The answer is yes. The solution is to embed regulatory compliance into the software production line analogously to the way we embed other qualities, such as frame stiffness in automobiles or round-trip response time in banking applications.

Making compliance an integral part of the deployment process is possible when compliance is expressed as code. Just as the configuration of systems has shifted toward infrastructure as code (for example, PowerShell Desired State Configuration or Chef), you can manage compliance using a programmatic language.

InSpec is an open source project that lets you define your compliance requirements in a human- and machine-readable language. Once you’ve codified your requirements, you can run them as automated tests that audit your systems. InSpec provides a local agent, as well as full remote testing support.
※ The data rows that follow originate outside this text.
lemma matrix_inv_vector_mult:
  fixes A :: "real^'n::finite^'n"
  assumes "invertible A"
  shows "A *v (matrix_inv A *v y) = y" "matrix_inv A *v (A *v y) = y"
  using matrix_inv_invertible[OF assms] by (simp_all add: matrix_vector_mul_assoc)

lemma symmetric_matrix_inv:
  fixes A :: "real^'n::finite^'n"
  assumes "invertible A" "transpose A = A"
  shows "transpose (matrix_inv A) = matrix_inv A"
proof -
  note inv = matrix_inv_invertible[OF assms(1)]
  have left: "transpose (matrix_inv A) ** A = mat 1"
    using inv(1) assms(2) by (metis matrix_transpose_mul transpose_mat)
  have "transpose (matrix_inv A) = transpose (matrix_inv A) ** (A ** matrix_inv A)"
    using inv(1) by simp
  also have "\<dots> = matrix_inv A" using left by (simp add: matrix_mul_assoc)
  finally show ?thesis .
qed

lemma inner_symmetric_matrix_vector_mult:
  fixes B :: "real^'n::finite^'n"
  assumes "transpose B = B"
  shows "(B *v w) \<bullet> z = w \<bullet> (B *v z)"
proof -
  have "B *v w = w v* B" using vector_transpose_matrix[of w B] assms by simp
  then show ?thesis by (simp add: dot_lmul_matrix)
qed

lemma inner_matrix_inv_symmetric:
  fixes A :: "real^'n::finite^'n"
  assumes "invertible A" "transpose A = A"
  shows "(matrix_inv A *v w) \<bullet> (A *v y) = w \<bullet> y"
  using inner_symmetric_matrix_vector_mult[OF symmetric_matrix_inv[OF assms]]
  by (simp add: matrix_inv_vector_mult(2)[OF assms(1)])

lemma matrix_vector_mult_eq_sum_columns:
  fixes B :: "real^'n::finite^'m::finite"
  shows "B *v y = (\<Sum>j\<in>UNIV. y $ j *\<^sub>R (B *v axis j 1))"
  by (simp add: vec_eq_iff matrix_vector_mult_def sum_component axis_def mult.commute
      if_distrib cong: if_cong)

lemma continuous_on_matrix_vector_mult:
  fixes A :: "'a::topological_space \<Rightarrow> real^'n::finite^'m::finite"
  assumes "continuous_on S A" "continuous_on S y"
  shows "continuous_on S (\<lambda>x. A x *v y x)"
  unfolding matrix_vector_mult_def using assms by (intro continuous_intros)

lemma continuous_on_det:
  fixes A :: "'a::topological_space \<Rightarrow> real^'n::finite^'n"
  assumes "\<And>i j. continuous_on S (\<lambda>x. A x $ i $ j)"
  shows "continuous_on S (\<lambda>x. det (A x))"
  unfolding det_def using assms
  by (intro continuous_on_sum continuous_on_mult continuous_on_prod continuous_on_const) auto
InSpec supports a variety of different platforms, from Windows to Linux. Figure 1 lists some of the more popular ones. (A full list of supported platforms can be found on the InSpec Web site at

Figure 1 List of Popular Platforms Supported by InSpec

Platform Versions
AIX 6.1, 7.1, 7.2
Mac OS X 10.9, 10.10, 10.11
Oracle Enterprise Linux 5, 6, 7
Red Hat Enterprise Linux (and variants) 5, 6, 7
Solaris 10, 11
Windows 7, 8, 8.1, 10, 2008, 2008 R2, 2012, 2012 R2, 2016
Ubuntu Linux  
SUSE Linux Enterprise Server 11, 12
OpenSUSE 13.1, 13.2, 42.1
HP-UX 11.31

The InSpec broad platform support makes it a complete solution for managing compliance across your entire infrastructure. Because InSpec is an open source project, some OS vendors have contributed support for their own platforms. For instance, IBM has contributed much of the support for its AIX OS.

Getting Started with InSpec

It’s easy to get started with InSpec. InSpec is included in the Chef Devel­opment Kit (Chef DK) or you can download packages for a variety of platforms from the Chef download Web site at Once you’ve downloaded the package and installed it, you can begin writing compliance rules. (Note that an alternative name for a compliance rule, often used by security teams, is auditing control.)

InSpec rules are simple to write once you understand the format. All rules begin with a resource. A resource is a configuration item you want to test. For instance, here’s an InSpec rule that uses the windows_feature resource:

describe windows_feature('DHCP Server') do
  it { should_not be_installed }

The windows_feature resource declares the name of a Windows feature and tests to see if it matches a particular configuration. In this example, the rule tests that the DHCP Server is not installed.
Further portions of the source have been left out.